Social network particularly Facebook has attached itself to the life of many and R is a very powerful tool which allows us to havest the Facebook data. This blog will guide you to make a count of a specific word from all your posts.
Here is the short step-by-step guide on how to extract Facebook data from your account:
Note: In this guide, I will use data for “Posts” and “Photos & Videos” only.
First, I load the neccessary libraries:
## Package "jasonlite": This package have tools to map between the data found in the .JSON file downloaded from Facebook and R data type.
library(jsonlite)
## Package "tidyverse": This package is very popular which many useful tools such as ggplot2, dplyr, tidyr, readr,...
library(tidyverse)
## ── Attaching packages ─────────────────────────── tidyverse 1.2.1 ──
## ✔ ggplot2 3.1.0 ✔ purrr 0.3.2
## ✔ tibble 2.1.1 ✔ dplyr 0.8.0.1
## ✔ tidyr 0.8.3 ✔ stringr 1.4.0
## ✔ readr 1.3.1 ✔ forcats 0.4.0
## ── Conflicts ────────────────────────────── tidyverse_conflicts() ──
## ✖ dplyr::filter() masks stats::filter()
## ✖ purrr::flatten() masks jsonlite::flatten()
## ✖ dplyr::lag() masks stats::lag()
## Package "qdapRegex": This package has tool used for removal/extraction/replacement of abbreviations, dates, dollar amounts, email addresses, hash tags,...
library(qdapRegex)
##
## Attaching package: 'qdapRegex'
## The following object is masked from 'package:dplyr':
##
## explain
## The following object is masked from 'package:ggplot2':
##
## %+%
## The following object is masked from 'package:jsonlite':
##
## validate
## Package "tidytext": This package has tools to turn texts into token for ease of changing the words such as upper and lower cases, numbers and symbols,...
library(tidytext)
Then, I relocate the downloaded JSON file to the appropriated folder of R.
## getwd() will return the current folder that R is working on.
getwd()
## [1] "/Users/dao/dunganduyen"
The downloaded file will be in the .zip format and I want to extract data from the “Posts” folder to the R folder.
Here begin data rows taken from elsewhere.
(* Assume $\Theta_0$ and $\Theta_1$ are nonempty. For $\theta_0\in\Theta_0$, $\theta_1\in\Theta_1$ and $\pi_0\in[0,1]$ let $Q_{\pi_0}=\pi_0\,\delta_{\theta_0}+(1-\pi_0)\,\delta_{\theta_1}$. A menu $\mathcal{F}\subseteq\bar{\mathcal{F}}$ satisfies $\liminf_{\pi_0\to 1^-} U(Q_{\pi_0},\mathcal{F})\ge 0$ for all $\theta_0\in\Theta_0$ and all $\theta_1\in\Theta_1$ if and only if $\mathcal{F}$ is incentive-aligned.
   Context: Let $\Theta$ be a set of types partitioned as $\Theta=\Theta_0\sqcup\Theta_1$ (null and nonnull types), and let $(P_\theta)_{\theta\in\Theta}$ be probability distributions on a measurable space $\mathcal{Z}$; $\mathbb{E}_\theta$ denotes expectation with $Z\sim P_\theta$. Fix a cost $C>0$. Fix an ambient class $\bar{\mathcal{F}}$ of measurable functions $f:\mathcal{Z}\to[0,\infty)$ ("license functions") with $\mathbb{E}_\theta[f(Z)]<\infty$ for all $\theta$. A menu is a subset $\mathcal{F}\subseteq\bar{\mathcal{F}}$; it is assumed (attainment assumption) that for every $\theta$, $\sup_{f\in\mathcal{F}}\mathbb{E}_\theta[f(Z)]$ is attained when $\mathcal{F}\ne\emptyset$. Agent behavior: an agent of type $\theta$ offered $\mathcal{F}$ opts in ($I=1$) iff $\mathcal{F}\neq\emptyset$ and $\max_{f\in\mathcal{F}}\mathbb{E}_\theta[f(Z)]>C$, in which case it selects some maximizer $f^{\mathrm{br}}(\cdot;\theta,\mathcal{F})\in\arg\max_{f\in\mathcal{F}}\mathbb{E}_\theta[f(Z)]$; otherwise it opts out ($I=0$). The realized license is $L=f^{\mathrm{br}}(Z;\theta,\mathcal{F})$ with $Z\sim P_\theta$. The principal's utility is a function $u:\Theta\times[0,\infty)\to\mathbb{R}$ such that: for $\theta\in\Theta_1$, $u(\theta,\cdot)$ is nondecreasing and $0\le u(\theta,L)\le a_1$ for some constant $a_1<\infty$; for $\theta\in\Theta_0$, $u(\theta,\cdot)$ is nonincreasing, $u(\theta,0)\le 0$ and $u(\theta,L)<0$ for all $L>0$. For a probability distribution $Q$ on $\Theta$, the principal's expected utility is $U(Q,\mathcal{F})=\mathbb{E}_{\theta\sim Q}\big[\mathbb{E}_{Z\sim P_\theta}[u(\theta,L)\cdot I\mid\theta]\big]$. A menu $\mathcal{F}$ is incentive-aligned if $\mathbb{E}_\theta[f(Z)]\le C$ for all $\theta\in\Theta_0$ and all $f\in\mathcal{F}$. *)

theory Defs
  imports "HOL-Probability.Probability"
begin

text \<open>Expectation of a license function under P theta (Bochner integral; the
ambient class guarantees integrability).\<close>
definition expect :: "('t \<Rightarrow> 'z measure) \<Rightarrow> 't \<Rightarrow> ('z \<Rightarrow> real) \<Rightarrow> real" where
  "expect P \<theta> f = (\<integral>z. f z \<partial>(P \<theta>))"

text \<open>Extended-real expectation (positive part minus negative part), so that
expectations of utilities that are unbounded below (value -infinity) make sense.\<close>
definition ext_expect :: "'a measure \<Rightarrow> ('a \<Rightarrow> ereal) \<Rightarrow> ereal" where
  "ext_expect M g =
     enn2ereal (\<integral>\<^sup>+ x. e2ennreal (g x) \<partial>M) - enn2ereal (\<integral>\<^sup>+ x. e2ennreal (- g x) \<partial>M)"

text \<open>Opt-in indicator: the menu is nonempty and the best-response value exceeds C
(fbr theta is the selected maximiser, so this is max_f E_theta f > C).\<close>
definition opts_in ::
  "('t \<Rightarrow> 'z measure) \<Rightarrow> real \<Rightarrow> ('z \<Rightarrow> real) set \<Rightarrow> ('t \<Rightarrow> 'z \<Rightarrow> real) \<Rightarrow> 't \<Rightarrow> bool" where
  "opts_in P C F fbr \<theta> \<longleftrightarrow> F \<noteq> {} \<and> expect P \<theta> (fbr \<theta>) > C"

definition cond_util ::
  "('t \<Rightarrow> 'z measure) \<Rightarrow> ('t \<Rightarrow> real \<Rightarrow> real) \<Rightarrow> real \<Rightarrow> ('z \<Rightarrow> real) set
    \<Rightarrow> ('t \<Rightarrow> 'z \<Rightarrow> real) \<Rightarrow> 't \<Rightarrow> ereal" where
  "cond_util P u C F fbr \<theta> =
     ext_expect (P \<theta>)
       (\<lambda>z. ereal (u \<theta> (fbr \<theta> z) * (if opts_in P C F fbr \<theta> then 1 else 0)))"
Then I load the data into variable myposts with the following command:
## Turn .JSON data into data type usable in R.
FBposts = fromJSON("facebook-CopThoiNay/posts/your_posts.json")
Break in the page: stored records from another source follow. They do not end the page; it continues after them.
lemma ordLess_card_of_imp_underS:
  assumes "|B| <o |I|"
  shows "\<exists>c\<in>I. |B| \<le>o |underS |I| c|"
proof -
  have "\<exists>c\<in>Field |I|. |B| =o Restr |I| (underS |I| c)"
    using assms
    by (rule ordLess_iff_ordIso_Restr[OF card_of_Well_order card_of_Well_order, THEN iffD1])
  then obtain c where c: "c \<in> I" and iso: "|B| =o Restr |I| (underS |I| c)"
    unfolding Field_card_of by blast
  have "|B| \<le>o |Field (Restr |I| (underS |I| c))|"
    using card_of_mono2[OF ordIso_iff_ordLeq[THEN iffD1, OF iso, THEN conjunct1]]
    unfolding Field_card_of .
  also have "|Field (Restr |I| (underS |I| c))| \<le>o |underS |I| c|"
    by (rule card_of_mono1) (auto simp: Field_def)
  finally show ?thesis using c by blast
qed

lemma cof_gt_aleph1_upper_bound:
  assumes "cof_gt_aleph1 I" and "S \<subseteq> I" and "|S| \<le>o aleph1"
  shows "\<exists>a\<in>I. \<forall>s\<in>S. underS |I| s \<subseteq> underS |I| a"
proof -
  interpret wo_rel "|I|" by (rule Card_order_wo_rel[OF card_of_Card_order])
  have "\<not> (\<forall>a\<in>I. \<exists>s\<in>S. (a, s) \<in> card_of I)"
    using assms unfolding cof_gt_aleph1_def by (blast intro: exI[of _ S])
  then obtain a where a: "a \<in> I" and above: "\<forall>s\<in>S. (a, s) \<notin> |I|" by blast
  have "(s, a) \<in> |I|" if "s \<in> S" for s
    using TOTALS above a that assms(2) unfolding Field_card_of by blast
  then show ?thesis using a underS_incr[OF TRANS ANTISYM] by blast
qed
myposts = FBposts$status_updates
Now, all my comments is on the variable myposts$data. I want to extract only the text and put quotation sign around it. I name the new variable myposts$posttext then convert it into type character.
## Remove the quotation marks around each text and turn it into character type in R.
myposts$posttext = myposts$data %>%
rm_between('"','"',extract = TRUE)
## Warning in stringi::stri_extract_all_regex(text.var, pattern): argument is
## not an atomic vector; coercing
myposts$posttext = as.character(myposts$posttext)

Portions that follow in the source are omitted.